Activity »
Each line of the listing below, from the very first to the one that contains "m) = of_nat", is to be retyped exactly as it stands.

Start of Listed records

lemma scalar_add: "scalar (a + b) = scalar a + scalar b"
proof -
  have "pconst (a + b) = padd (pconst a) (pconst b)"
    by (simp add: fun_eq_iff padd_def pconst_def)
  then show ?thesis
    by (metis abs_usl2_padd abs_usl2_pconst ncpoly_pconst)
qed

lemma scalar_diff: "scalar (a - b) = scalar a - scalar b"
proof -
  have "pconst (a - b) = psub (pconst a) (pconst b)"
    by (simp add: fun_eq_iff psub_def pconst_def)
  then show ?thesis
    by (metis abs_usl2_psub abs_usl2_pconst ncpoly_pconst)
qed

lemma scalar_mult: "scalar (a * b) = scalar a * scalar b"
proof -
  have "pconst (a * b) = pmul (pconst a) (pconst b)"
    by (simp add: pmul_pconst_left) (simp add: fun_eq_iff pscale_def pconst_def)
  then show ?thesis
    by (metis abs_usl2_pmul abs_usl2_pconst ncpoly_pconst)
qed

lemma scalar_0 [simp]: "scalar 0 = 0"
  and scalar_1 [simp]: "scalar 1 = 1"
  by (simp_all add: scalar_def zero_usl2_def one_usl2_def)

lemma scalar_uminus [simp]: "scalar (- a) = - scalar a"
  using scalar_diff[of 0 a] by simp

lemma scalar_numeral [simp]: "scalar (numeral n) = numeral n"
proof -
  have "scalar (of_nat m) = of_nat m" for m
    by (induction m) (simp_all add: scalar_add)
  from this[of "numeral n"] show ?thesis by simp
qed

lemma scalar_central: "scalar c * x = x * scalar c"
  by transfer (simp add: pmul_pconst_left pmul_pconst_right)

lemma scalar_left_commute: "scalar a * (scalar b * x) = scalar b * (scalar a * x)"
  by (simp flip: mult.assoc scalar_mult add: mult.commute)

lemma abs_usl2_psum:
  "finite S \<Longrightarrow> (\<And>s. s \<in> S \<Longrightarrow> ncpoly (g s)) \<Longrightarrow> abs_usl2 (psum S g) = (\<Sum>s\<in>S. abs_usl2 (g s))"
  by (induction S rule: finite_induct) (simp_all add: psum_insert abs_usl2_padd abs_usl2_pconst)

lemma abs_usl2_pprod:
  "(\<And>x. x \<in> set xs \<Longrightarrow> ncpoly x) \<Longrightarrow> abs_usl2 (pprod xs) = prod_list (map abs_usl2 xs)"
  by (induction xs) (simp_all add: abs_usl2_pconst abs_usl2_pmul)

definition eval_usl2 :: "('g \<Rightarrow> usl2) \<Rightarrow> 'g ncp \<Rightarrow> usl2" where
  "eval_usl2 f p = (\<Sum>w\<in>psupp p. scalar (p w) * prod_list (map f w))"

lemma eval_usl2_eq_sum:
  "finite W \<Longrightarrow> psupp p \<subseteq> W \<Longrightarrow> eval_usl2 f p = (\<Sum>w\<in>W. scalar (p w) * prod_list (map f w))"
  unfolding eval_usl2_def by (rule sum.mono_neutral_left) (auto simp: psupp_def)

lemma eval_usl2_pconst: "eval_usl2 f (pconst c) = scalar c"
  by (subst eval_usl2_eq_sum[of "{[]}"]) (auto simp: psupp_def pconst_def)

lemma eval_usl2_pvar: "eval_usl2 f (pvar x) = f x"
  by (subst eval_usl2_eq_sum[of "{[x]}"]) (auto simp: psupp_def pvar_def)

lemma eval_usl2_pmonom: "eval_usl2 f (pmonom u) = prod_list (map f u)"
  by (subst eval_usl2_eq_sum[of "{u}"]) (auto simp: psupp_def pmonom_def)

lemma eval_usl2_padd:
  assumes "ncpoly p" and "ncpoly q"
  shows "eval_usl2 f (padd p q) = eval_usl2 f p + eval_usl2 f q"
proof -
  have "finite (psupp p \<union> psupp q)"
    using assms by (simp add: ncpoly_iff_finite_psupp)
  moreover have "psupp (padd p q) \<subseteq> psupp p \<union> psupp q"
    by (auto simp: psupp_def padd_def)
  ultimately show ?thesis
    by (simp add: eval_usl2_eq_sum[of "psupp p \<union> psupp q"] padd_def scalar_add
        distrib_right sum.distrib)
qed

lemma eval_usl2_pscale:
  assumes "ncpoly p"
  shows "eval_usl2 f (pscale c p) = scalar c * eval_usl2 f p"
proof -
  have "psupp (pscale c p) \<subseteq> psupp p"
    by (auto simp: psupp_def pscale_def)
  with assms show ?thesis
    by (simp add: eval_usl2_eq_sum[of "psupp p"] ncpoly_iff_finite_psupp pscale_def scalar_mult
        sum_distrib_left mult.assoc)
qed

lemma eval_usl2_psub:
  "ncpoly p \<Longrightarrow> ncpoly q \<Longrightarrow> eval_usl2 f (psub p q) = eval_usl2 f p - eval_usl2 f q"
  by (simp add: psub_eq_padd_pscale eval_usl2_padd eval_usl2_pscale)

lemma eval_usl2_psum:
  "finite S \<Longrightarrow> (\<And>s. s \<in> S \<Longrightarrow> ncpoly (g s)) \<Longrightarrow> eval_usl2 f (psum S g) = (\<Sum>s\<in>S. eval_usl2 f (g s))"
  by (induction S rule: finite_induct) (simp_all add: psum_insert eval_usl2_padd eval_usl2_pconst)

lemma eval_usl2_pmul:
  assumes p: "ncpoly p" and q: "ncpoly q"
  shows "eval_usl2 f (pmul p q) = eval_usl2 f p * eval_usl2 f q"
proof -
  let ?M = "\<lambda>w. prod_list (map f w)"
  have fin: "finite (psupp p)" "finite (psupp q)"
    using p q by (simp_all add: ncpoly_iff_finite_psupp)
  have "pmul p q = psum (psupp p) (\<lambda>u. psum (psupp q)
      (\<lambda>v. pmul (pscale (p u) (pmonom u)) (pscale (q v) (pmonom v))))"
    by (subst psum_pmonom_expansion[OF p], subst psum_pmonom_expansion[OF q])
      (subst pmul_psum_left, simp only: pmul_psum_right)
  then have "eval_usl2 f (pmul p q) =
      (\<Sum>u\<in>psupp p. \<Sum>v\<in>psupp q. scalar (p u) * (scalar (q v) * ?M (u @ v)))"
    using fin by (simp add: eval_usl2_psum pmul_pscale_left pmul_pscale_right pmul_pmonom
        eval_usl2_pscale eval_usl2_pmonom scalar_left_commute)
  also have "\<dots> = (\<Sum>u\<in>psupp p. \<Sum>v\<in>psupp q. scalar (p u) * ?M u * (scalar (q v) * ?M v))"
  proof (intro sum.cong refl)
    fix u v
    have "scalar (q v) * ?M (u @ v) = ?M u * (scalar (q v) * ?M v)"
      by (simp add: scalar_central[of "q v" "?M u"] flip: mult.assoc)
    then show "scalar (p u) * (scalar (q v) * ?M (u @ v)) = scalar (p u) * ?M u * (scalar (q v) * ?M v)"
      by (simp add: mult.assoc)
  qed
  also have "\<dots> = eval_usl2 f p * eval_usl2 f q"
    by (simp add: eval_usl2_def sum_product)
  finally show ?thesis .
qed

lemmas eval_usl2_simps = eval_usl2_padd eval_usl2_psub eval_usl2_pmul eval_usl2_pscale eval_usl2_pconst
  eval_usl2_pvar

lemma eval_usl2_pprod:
  "(\<And>x. x \<in> set xs \<Longrightarrow> ncpoly x) \<Longrightarrow> eval_usl2 f (pprod xs) = prod_list (map (eval_usl2 f) xs)"
  by (induction xs) (simp_all add: eval_usl2_pconst eval_usl2_pmul)

lemma eval_usl2_psubst:
  assumes q: "ncpoly q" and \<psi>: "\<And>x. ncpoly (\<psi> x)"
  shows "eval_usl2 f (psubst \<psi> q) = eval_usl2 (\<lambda>x. eval_usl2 f (\<psi> x)) q"
proof -
  have "ncpoly (pprod (map \<psi> w))" for w
    by (rule ncpoly_pprod) (auto simp: \<psi>)
  moreover have "eval_usl2 f (pprod (map \<psi> w)) = prod_list (map (\<lambda>x. eval_usl2 f (\<psi> x)) w)" for w
    by (subst eval_usl2_pprod) (auto simp: \<psi> o_def)
  ultimately show ?thesis
    using q unfolding psubst_eq_psum eval_usl2_def[of _ q]
    by (subst eval_usl2_psum) (auto simp: ncpoly_iff_finite_psupp[symmetric] eval_usl2_pscale)
qed

lemma abs_usl2_psubst:
  assumes p: "ncpoly p" and \<phi>: "\<And>x. ncpoly (\<phi> x)"
  shows "abs_usl2 (psubst \<phi> p) = eval_usl2 (\<lambda>x. abs_usl2 (\<phi> x)) p"
proof -
  have "ncpoly (pprod (map \<phi> w))" for w
    by (rule ncpoly_pprod) (auto simp: \<phi>)
  moreover have "abs_usl2 (pprod (map \<phi> w)) = prod_list (map (\<lambda>x. abs_usl2 (\<phi> x)) w)" for w
    by (subst abs_usl2_pprod) (auto simp: \<phi> o_def)
  ultimately show ?thesis
    using p unfolding psubst_eq_psum eval_usl2_def
    by (subst abs_usl2_psum) (auto simp: ncpoly_iff_finite_psupp[symmetric] abs_usl2_pscale)
qed

lemma eval_usl2_ideal_gen:
  assumes "\<And>r. r \<in> R \<Longrightarrow> ncpoly r" and "\<And>r. r \<in> R \<Longrightarrow> eval_usl2 f r = 0"
  shows "p \<in> ideal_gen R \<Longrightarrow> eval_usl2 f p = 0"
proof -
  have "p \<in> ideal_gen R \<Longrightarrow> eval_usl2 f p = 0 \<and> ncpoly p" for p
    by (induction rule: ideal_gen.induct)
      (auto simp: assms eval_usl2_pconst eval_usl2_padd eval_usl2_pscale eval_usl2_pmul)
  then show "p \<in> ideal_gen R \<Longrightarrow> eval_usl2 f p = 0" by blast
qed

lemma eval_usl2_cong_abs_usl2:
  assumes "\<And>r. r \<in> relsU \<Longrightarrow> eval_usl2 f r = 0"
    and "ncpoly p" and "ncpoly q" and "abs_usl2 p = abs_usl2 q"
  shows "eval_usl2 f p = eval_usl2 f q"
proof -
  have "psub p q \<in> ideal_gen relsU"
    using assms abs_usl2_eq_iff by (simp add: idealU_def)
  then have "eval_usl2 f (psub p q) = 0"
    using eval_usl2_ideal_gen ncpoly_relsU assms(1) by blast
  with assms show ?thesis by (simp add: eval_usl2_psub)
qed

section \<open>\<open>sl\<^sub>2\<close>-triples\<close>

definition square_minus_four :: "'a::ring_1 \<Rightarrow> 'a" where
  "square_minus_four x = (x - 2) * (x + 2)"

definition delta_poly :: "'a::ring_1 \<Rightarrow> 'a \<Rightarrow> 'a \<Rightarrow> 'a" where
  "delta_poly e f h = (h + 2) * (f * f) - (h - 2) * (e * e)"

lemma square_minus_four_uminus: "square_minus_four (- x) = square_minus_four x"
  by (simp add: square_minus_four_def algebra_simps mult_2 mult_2_right)

lemma square_minus_four_diff_commute: "square_minus_four (a - b) = square_minus_four (b - a)"
  by (metis minus_diff_eq square_minus_four_uminus)

text \<open>The relations are oriented as rewrite rules towards the ordering \<open>e, h, f\<close>.\<close>

locale sl2_triple =
  fixes e f h :: "'a::ring_1"
  assumes h_e: "h * e = e * h + 2 * e"
    and f_e: "f * e = e * f - h"
    and f_h: "f * h = h * f + 2 * f"

locale sl2_triple_i_half = sl2_triple e f h for e f h :: "'a::ring_1" +
  fixes i c :: 'a
  assumes i_square: "i * i = -1"
    and i_central: "\<And>x. i * x = x * i"
    and c_central: "\<And>x. c * x = x * c"
    and c_double: "c + c = 1"
begin

lemma i_commute: "e * i = i * e" "f * i = i * f" "h * i = i * h"
  "e * (i * y) = i * (e * y)" "f * (i * y) = i * (f * y)" "h * (i * y) = i * (h * y)"
  by (metis i_central mult.assoc)+

lemma c_commute: "e * c = c * e" "f * c = c * f" "h * c = c * h" "i * c = c * i"
  "e * (c * y) = c * (e * y)" "f * (c * y) = c * (f * y)" "h * (c * y) = c * (h * y)"
  "i * (c * y) = c * (i * y)"
  by (metis c_central mult.assoc)+

lemma i_square_left: "i * (i * y) = - y"
  by (metis i_square mult.assoc mult_minus1)

lemma c_double_left: "c * y + c * y = y" "c * y + (c * y + z) = y + z"
  by (metis c_double distrib_right mult_1) (metis c_double distrib_right mult_1 add.assoc)

lemma commute_left:
  "h * (e * y) = e * (h * y) + 2 * (e * y)"
  "f * (e * y) = e * (f * y) - h * y"
  "f * (h * y) = h * (f * y) + 2 * (f * y)"
  by (simp_all add: h_e f_e f_h distrib_right left_diff_distrib flip: mult.assoc)

lemmas i_half_simps = i_commute c_commute i_square_left c_double_left commute_left h_e f_e f_h
  i_square algebra_simps mult_2 mult_2_right

lemma sl2_triple_sigma: "sl2_triple (i * f) (- (i * e)) (- h)"
  by unfold_locales (simp_all add: i_half_simps)

lemma sl2_triple_tau: "sl2_triple (c * (h - i * e - i * f)) (c * (h + i * e + i * f)) (i * e - i * f)"
  by unfold_locales (simp_all add: i_half_simps)

lemma delta_poly_sigma: "delta_poly (i * f) (- (i * e)) (- h) = - delta_poly e f h"
  by (simp add: delta_poly_def i_half_simps)

lemma delta_poly_tau:
  "delta_poly (c * (h - i * e - i * f)) (c * (h + i * e + i * f)) (i * e - i * f) = delta_poly e f h"
  by (simp add: delta_poly_def i_half_simps)

lemma square_minus_four_sigma: "square_minus_four (i * (i * f) + i * (i * e)) = square_minus_four (e + f)"
  by (simp add: square_minus_four_def i_half_simps)

lemma tau_add: "c * (h - i * e - i * f) + c * (h + i * e + i * f) = h"
  by (simp add: i_half_simps)

lemma tau_i_diff: "i * (c * (h - i * e - i * f)) - i * (c * (h + i * e + i * f)) = e + f"
  by (simp add: i_half_simps)

end

lemma abs_usl2_relsU:
  assumes "r \<in> relsU"
  shows "abs_usl2 r = 0"
proof -
  have "psub r (pconst 0) = r"
    by (simp add: fun_eq_iff psub_def pconst_def)
  with assms have "psub r (pconst 0) \<in> idealU"
    by (simp add: idealU_def ideal_gen.gen)
  with assms show ?thesis
    using abs_usl2_eq_iff[of r "pconst 0"] ncpoly_relsU by (simp add: abs_usl2_pconst)
qed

End of Listed records

Exercise result »
lemma scalar_add: "scalar (a + b) = scalar a + scalar b"
proof -
  have "pconst (a + b) = padd (pconst a) (pconst b)"
    by (simp add: fun_eq_iff padd_def pconst_def)
  then show ?thesis
    by (metis abs_usl2_padd abs_usl2_pconst ncpoly_pconst)
qed

lemma scalar_diff: "scalar (a - b) = scalar a - scalar b"
proof -
  have "pconst (a - b) = psub (pconst a) (pconst b)"
    by (simp add: fun_eq_iff psub_def pconst_def)
  then show ?thesis
    by (metis abs_usl2_psub abs_usl2_pconst ncpoly_pconst)
qed

lemma scalar_mult: "scalar (a * b) = scalar a * scalar b"
proof -
  have "pconst (a * b) = pmul (pconst a) (pconst b)"
    by (simp add: pmul_pconst_left) (simp add: fun_eq_iff pscale_def pconst_def)
  then show ?thesis
    by (metis abs_usl2_pmul abs_usl2_pconst ncpoly_pconst)
qed

lemma scalar_0 [simp]: "scalar 0 = 0"
  and scalar_1 [simp]: "scalar 1 = 1"
  by (simp_all add: scalar_def zero_usl2_def one_usl2_def)

lemma scalar_uminus [simp]: "scalar (- a) = - scalar a"
  using scalar_diff[of 0 a] by simp

lemma scalar_numeral [simp]: "scalar (numeral n) = numeral n"
proof -
  have "scalar (of_nat m) = of_nat m" for m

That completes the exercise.